Durlch, Bruchsal...fahr doch nach Remchingen zum CycleSport.
Klasse Service, der Schrauber heißt Sigi und ist schon so lange dabei wie es Mountainbikes gibt  .
Ich bin dort mehr als zufrieden, und viele die ich kenne und dort auch hingehen, ebenfalls.

speci


----------



## bluesky (30. Mai 2005)

naja ... beim cyclesport hab ich aber schon schrott gesehen ... nichts gegen die leute dort und ich weiß auch nicht wer dran geschraubt hat aber laufräder lass ich nicht mehr beim cyclesport bauen ... die hatte ich dann 2 monate später beim herrbike in pf zum nachzentrieren ... seit dem halten sie 

alles andere haben sie aber bisher gut gemacht


----------



## Deleted 38566 (30. Mai 2005)

Hi,
zu deiner Frage welcher Händler/Schrauber?
in Ka ist es eher schlecht als recht, entweder Du machst es selber, oder mußt solange suchen bis Du den richtigen gefunden hast. Bei Velo war ich auch schon, noch in der Innenstadt damals, war auch nicht zufrieden hatte nach einer Reparatur das gleiche Prob wieder, seit er jetzt in der ehemaligen Velo-Discount Halle ist, Neureuter-Str. hat er die Preise ein bißchen erhöht, wen wunderst, bei Velo-Discount war ich Stammkunde, schade warn immer paar Dufte Typen an Land  
Gruß Stonelebs
P.S in Ettlingen war ich mal bei Rat und Tat, die Erstinspektion für mein Stevens F9 Lite fand ich okay.


----------



## items (31. Mai 2005)

Moin,
Danke für die Tipps. Ich werd mal die Pedalerie versuchen. Freunde waren da, wurden gut beraten und der Chef fährt wohl gelegentlich selber mit dem Rad über die Alpen. Ich werd dann mal berichten, wies war.

greetz
items


----------



## Schwarzspecht (31. Mai 2005)

@ Velodrom
Bin dort jahrelang hin, habe dort drei Bikes gekauft und dort - werkstattmäßig - viel Licht aber auch Schatten erlebt (auch zu Peters Zeiten). Die Schrauberei war eigentlich immer okay, die Oragnisation war nicht so toll, sehr oft war das Bike - entgegen der Absprache - nicht fertig! War dafür mit Leihrädern häufig (nicht immer) großzügig ...

@ Gruners gute ...
Hat bei mir die Scheibenbremsaufnahme gefräst - Preis und Leistung war okay!

@ Ride Your Bike
Bisher nur Kleinkram dort gekauft - macht einen guten Eindruck. Kann man durchaus mal ausprobieren ...


----------



## MTB-News.de




----------



## blond25 (31. Mai 2005)

der-tick.de schrieb:
			
		

> (Gismo verzeih mir).


grins !! Der Arme !!


----------



## lelebebbel (31. Mai 2005)

Velodrom halte ich für durchschnittlich, mein Eindruck ist so, wie bei vielen Radläden wo ich schon war.
Im Sommer bin ich von Peter noch ganz gut beraten worden, hab Schuhe und noch ein paar Sachen da gekauft... inzwischen, naja...

Beispiel:
Ich wollte Leitungsteile für ne Hayes HFX 9, Allerweltsbremse.

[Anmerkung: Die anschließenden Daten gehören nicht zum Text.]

(* Let $G_1$ be a $(q_1,q_2)$-semi-regular bipartite graph with bipartition $V_1,V_2$, $|V_1|=n_1\le n_2=|V_2|$, $\nu_1=n_1+n_2$, and let $G_2$ be a $(q_3,q_4)$-semi-regular bipartite graph with bipartition $V_3,V_4$, $|V_3|=n_3\le n_4=|V_4|$, $\nu_2=n_3+n_4$. Write $spec(G_1)=\{\pm\lambda_1,\dots,\pm\lambda_{k_1},0^{(\nu_1-2k_1)}\}$ and $spec(G_2)=\{\pm\mu_1,\dots,\pm\mu_{k_2},0^{(\nu_2-2k_2)}\}$ where $k_1,k_2$ are the numbers of positive eigenvalues, $\sqrt{q_1q_2}=\lambda_1\ge\dots\ge\lambda_{k_1}>0$, $\sqrt{q_3q_4}=\mu_1\ge\dots\ge\mu_{k_2}>0$. Then the number of spanning trees of $G=G_1\vee G_2$ is $$\tau(G)=(q_1+q_2+\nu_2)(q_3+q_4+\nu_1)(q_1+\nu_2)^{n_1-k_1}(q_2+\nu_2)^{n_2-k_1}(q_3+\nu_1)^{n_3-k_2}(q_4+\nu_1)^{n_4-k_2}\prod_{i=2}^{k_1}\big[(q_1+\nu_2)(q_2+\nu_2)-\lambda_i^2\big]\prod_{j=2}^{k_2}\big[(q_3+\nu_1)(q_4+\nu_1)-\mu_j^2\big].$$
   Context: A bipartite graph with bipartition $(V_1,V_2)$ is $(q_1,q_2)$-semi-regular if every vertex of $V_1$ has degree $q_1$ and every vertex of $V_2$ has degree $q_2$ ($q_1,q_2\ge1$). The join $G_1\vee G_2$ has vertex set $V(G_1)\sqcup V(G_2)$ and edge set $E(G_1)\cup E(G_2)\cup\{uv:u\in V(G_1),v\in V(G_2)\}$. $spec$ denotes the multiset of adjacency eigenvalues (exponents in parentheses denote multiplicities); $\tau(G)$ is the number of spanning trees of $G$. *)

theory Defs
  imports "HOL-Analysis.Analysis" "HOL-Computational_Algebra.Polynomial"
begin

text \<open>Simple graphs on a finite vertex type: the vertex set is UNIV, the edges are given
by a symmetric irreflexive relation E.\<close>

definition simple_graph :: "('a \<Rightarrow> 'a \<Rightarrow> bool) \<Rightarrow> bool" where
  "simple_graph E \<longleftrightarrow> (\<forall>u v. E u v \<longrightarrow> E v u) \<and> (\<forall>u. \<not> E u u)"

definition degree :: "('a::finite \<Rightarrow> 'a \<Rightarrow> bool) \<Rightarrow> 'a \<Rightarrow> nat" where
  "degree E v = card {u. E v u}"

definition semiregular_bipartite ::
  "('a::finite \<Rightarrow> 'a \<Rightarrow> bool) \<Rightarrow> 'a set \<Rightarrow> 'a set \<Rightarrow> nat \<Rightarrow> nat \<Rightarrow> bool" where
  "semiregular_bipartite E V1 V2 q1 q2 \<longleftrightarrow>
     simple_graph E \<and> V1 \<union> V2 = UNIV \<and> V1 \<inter> V2 = {} \<and>
     (\<forall>u v. E u v \<longrightarrow> (u \<in> V1 \<and> v \<in> V2) \<or> (u \<in> V2 \<and> v \<in> V1)) \<and>
     q1 \<ge> 1 \<and> q2 \<ge> 1 \<and>
     (\<forall>v\<in>V1. degree E v = q1) \<and> (\<forall>v\<in>V2. degree E v = q2)"

definition join :: "('a \<Rightarrow> 'a \<Rightarrow> bool) \<Rightarrow> ('b \<Rightarrow> 'b \<Rightarrow> bool) \<Rightarrow> ('a + 'b) \<Rightarrow> ('a + 'b) \<Rightarrow> bool" where
  "join E1 E2 x y = (case (x, y) of
      (Inl a, Inl b) \<Rightarrow> E1 a b
    | (Inr a, Inr b) \<Rightarrow> E2 a b
    | _ \<Rightarrow> True)"
(* Let $(b,c)$ be a connected canonically compactifiable weighted graph over $X$, and let $K$ and $j:X\to K$ be as in the context. Then $j(X)$ is a dense open subset of $K$; in fact, for every $x\in X$ the singleton $\{j(x)\}$ is open in $K$.
   Context: Let $X$ be a countably infinite set. A weighted graph $(b,c)$ over $X$ consists of a symmetric $b:X\times X\to[0,\infty)$ with $b(x,x)=0$ and $\sum_{y}b(x,y)<\infty$ for all $x$, and $c:X\to[0,\infty)$; it is connected if any two distinct vertices are joined by a finite sequence of pairwise distinct vertices with consecutive ones satisfying $b>0$. Let $\widetilde Q(f)=\frac12\sum_{x,y}b(x,y)|f(x)-f(y)|^2+\sum_x c(x)|f(x)|^2$ and $\widetilde D=\{f:X\to\mathbb C:\widetilde Q(f)<\infty\}$. The graph is canonically compactifiable if $\widetilde D\subseteq\ell^\infty(X)$; then $\widetilde D$ is an algebra. Let $\mathcal A$ be the sup-norm closure of $\widetilde D$ in $\ell^\infty(X)$ and $\mathcal A^+$ the smallest $C^*$-subalgebra of $\ell^\infty(X)$ containing $\mathcal A$ and the constant function $1$. Let $K$ be the set of characters (nonzero multiplicative linear functionals $\mathcal A^+\to\mathbb C$) with the weak-$*$ topology, a compact Hausdorff space. Define $j:X\to K$ by $j(x)=\delta_x$, $\delta_x(f)=f(x)$. *)

theory Defs
  imports "HOL-Analysis.Analysis"
begin

text \<open>The countably infinite vertex set X is modelled as a type 'a of class countable
  with infinite UNIV. Complex functions on X are of type 'a \<Rightarrow> complex.\<close>

definition weighted_graph :: "('a \<Rightarrow> 'a \<Rightarrow> real) \<Rightarrow> ('a \<Rightarrow> real) \<Rightarrow> bool" where
  "weighted_graph b c \<longleftrightarrow>
     (\<forall>x y. b x y \<ge> 0) \<and> (\<forall>x y. b x y = b y x) \<and> (\<forall>x. b x x = 0) \<and>
     (\<forall>x. (b x) summable_on UNIV) \<and> (\<forall>x. c x \<ge> 0)"

definition graph_connected :: "('a \<Rightarrow> 'a \<Rightarrow> real) \<Rightarrow> bool" where
  "graph_connected b \<longleftrightarrow>
     (\<forall>x y. x \<noteq> y \<longrightarrow> (\<exists>ps. ps \<noteq> [] \<and> distinct ps \<and> hd ps = x \<and> last ps = y \<and>
        (\<forall>i. Suc i < length ps \<longrightarrow> b (ps ! i) (ps ! Suc i) > 0)))"

text \<open>Q~(f) < \<infinity>: both nonnegative series are summable.\<close>
definition form_domain :: "('a \<Rightarrow> 'a \<Rightarrow> real) \<Rightarrow> ('a \<Rightarrow> real) \<Rightarrow> ('a \<Rightarrow> complex) set" where
  "form_domain b c = {f.
     (\<lambda>(x, y). b x y * (cmod (f x - f y))\<^sup>2) summable_on UNIV \<and>
     (\<lambda>x. c x * (cmod (f x))\<^sup>2) summable_on UNIV}"

definition linfty :: "('a \<Rightarrow> complex) set" where
  "linfty = {f. bounded (range f)}"

definition canonically_compactifiable :: "('a \<Rightarrow> 'a \<Rightarrow> real) \<Rightarrow> ('a \<Rightarrow> real) \<Rightarrow> bool" where
  "canonically_compactifiable b c \<longleftrightarrow> form_domain b c \<subseteq> linfty"

definition sup_closure :: "('a \<Rightarrow> complex) set \<Rightarrow> ('a \<Rightarrow> complex) set" where
  "sup_closure S = {f \<in> linfty. \<forall>e>0. \<exists>g\<in>S. \<forall>x. cmod (f x - g x) < e}"

definition cstar_subalgebra :: "('a \<Rightarrow> complex) set \<Rightarrow> bool" where
  "cstar_subalgebra B \<longleftrightarrow> B \<subseteq> linfty \<and> (\<lambda>_. 0) \<in> B \<and>
     (\<forall>f\<in>B. \<forall>g\<in>B. (\<lambda>x. f x + g x) \<in> B) \<and>
     (\<forall>f\<in>B. \<forall>a. (\<lambda>x. a * f x) \<in> B) \<and>
     (\<forall>f\<in>B. \<forall>g\<in>B. (\<lambda>x. f x * g x) \<in> B) \<and>
     (\<forall>f\<in>B. (\<lambda>x. cnj (f x)) \<in> B) \<and>
     sup_closure B \<subseteq> B"

definition algA :: "('a \<Rightarrow> 'a \<Rightarrow> real) \<Rightarrow> ('a \<Rightarrow> real) \<Rightarrow> ('a \<Rightarrow> complex) set" where
  "algA b c = sup_closure (form_domain b c)"

definition algA_plus :: "('a \<Rightarrow> 'a \<Rightarrow> real) \<Rightarrow> ('a \<Rightarrow> real) \<Rightarrow> ('a \<Rightarrow> complex) set" where
  "algA_plus b c = \<Inter>{B. cstar_subalgebra B \<and> algA b c \<subseteq> B \<and> (\<lambda>_. 1) \<in> B}"

text \<open>Characters of a subalgebra B, represented as extensional functions on B
  (value undefined outside B), so they live in the product space.\<close>
definition characters :: "('a \<Rightarrow> complex) set \<Rightarrow> (('a \<Rightarrow> complex) \<Rightarrow> complex) set" where
  "characters B = {\<phi> \<in> extensional B.
     (\<forall>f\<in>B. \<forall>g\<in>B. \<phi> (\<lambda>x. f x + g x) = \<phi> f + \<phi> g) \<and>
     (\<forall>f\<in>B. \<forall>a. \<phi> (\<lambda>x. a * f x) = a * \<phi> f) \<and>
     (\<forall>f\<in>B. \<forall>g\<in>B. \<phi> (\<lambda>x. f x * g x) = \<phi> f * \<phi> g) \<and>
     (\<exists>f\<in>B. \<phi> f \<noteq> 0)}"

definition weak_star_top :: "('a \<Rightarrow> complex) set \<Rightarrow> (('a \<Rightarrow> complex) \<Rightarrow> complex) topology" where
  "weak_star_top B = subtopology (product_topology (\<lambda>_. euclidean) B) (characters B)"

definition char_space :: "('a \<Rightarrow> 'a \<Rightarrow> real) \<Rightarrow> ('a \<Rightarrow> real) \<Rightarrow> (('a \<Rightarrow> complex) \<Rightarrow> complex) topology" where
  "char_space b c = weak_star_top (algA_plus b c)"

definition jmap :: "('a \<Rightarrow> 'a \<Rightarrow> real) \<Rightarrow> ('a \<Rightarrow> real) \<Rightarrow> 'a \<Rightarrow> (('a \<Rightarrow> complex) \<Rightarrow> complex)" where
  "jmap b c x = restrict (\<lambda>f. f x) (algA_plus b c)"

end

(*
  Evaluation at a vertex x is a character, and since the indicator e of {x} has finite energy it
  lies in A+; a character sending the idempotent e close to 1 sends it to 1 and then agrees with
  evaluation at x, which makes the singleton of that evaluation weak-* open. For density, a
  character phi that stays away from all evaluations on finitely many f in A would make the
  function sum |f - phi f|^2 bounded below, hence invertible in the C*-algebra A+ (Neumann series),
  although phi annihilates it.
*)

theory Submission
  imports Defs
begin

lemma linftyI: "(\<And>x. cmod (f x) \<le> K) \<Longrightarrow> f \<in> linfty"
  unfolding linfty_def bounded_iff by auto

lemma linftyE:
  assumes "f \<in> linfty"
  obtains K where "\<And>x. cmod (f x) \<le> K"
  using assms unfolding linfty_def bounded_iff by auto

lemma sup_closure_mono: "S \<subseteq> T \<Longrightarrow> sup_closure S \<subseteq> sup_closure T"
  unfolding sup_closure_def by blast

lemma sup_closure_superset: "f \<in> S \<Longrightarrow> f \<in> linfty \<Longrightarrow> f \<in> sup_closure S"
  unfolding sup_closure_def by force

Velodrom: "Hamma nicht. Müssten wir bestellen."
Ich: "Och  ... ja dann bestellen se mal"
Velodrom: "Dauert halt ne Woche oder 2"
Ich: "Naja da muss ich durch"
Velodrom [anderer Mitarbeiter kommt zur Hilfe]: "Plus Versandkosten!!"

Bin dann gegangen, denn in Anbetracht des Freeride Hardtails mit HFX-9 vorn und hinten, was neben mir an der Wand hing, kam mir das komisch vor. Wie haben die die Leitungen an dem Ding verlegt?


----------



## lelebebbel (31. Mai 2005)

Ach und @blond25:

Zum Trost kannst du den Jungs sagen, die Renner auf dem Turmberg fanden wir recht lecker - nur die Dreifachkurbel an dem CR-1 -- also das geht ja garnicht


----------



## Jochen_DC (7. Juni 2005)

na also ich kenne kaum nen shop wo du so hayes brmeschläuche am laufenden meter bekommst.
das freeride bike kam wahrscheinlich komplett vom hersteller vormontiert mit den bremsen. im besten fall wurde das rad aus einzlteilen zusammengeaut auch da ist in den meisten fällen    eine komplette bremse im bremssatz enthalten -)
die aufregung finde ich völlig daneben.

der herr mit dem truvativ lager:

auch dieses werkzeug ist recht selten denn octalink ist ausgestorben und alles außer truvativ hat norale zähne. auch hier kann ich es verstehn warum der laden es nicht hatte.
truvativ is da für exotsiches bekannt. am dh innenlager sind m12 verbaut. isis hat normalerweise m15...wenn da eine weg is is der road trip gelaufen 

think about it ;-)


----------



## der-tick.de (7. Juni 2005)

lelebebbel schrieb:
			
		

> ....
> Beispiel:
> Ich wollte Leitungsteile für ne Hayes HFX 9, Allerweltsbremse.
> Velodrom: "Hamma nicht. Müssten wir bestellen."
> ...



Also das die keine Bremsleitungen für Hayes da haben kann ich auch verstehen. Die kommen immer fertig Zusammengebaut und befüllt beim Händler an. 
Das die allerdings die Versandkosten auf dich abwältsen wollten ist ja wieder typisch. Beim Grosshändler bestellen die das beim nächsten mal mit und gut. Mein derzeitiger Händler hier, fragt immer obs sofort und zuzüglich Versand sein darf, oder bei der nächsten Bestellung mit kommen soll. Sofort heist derzeit 2 Tage.   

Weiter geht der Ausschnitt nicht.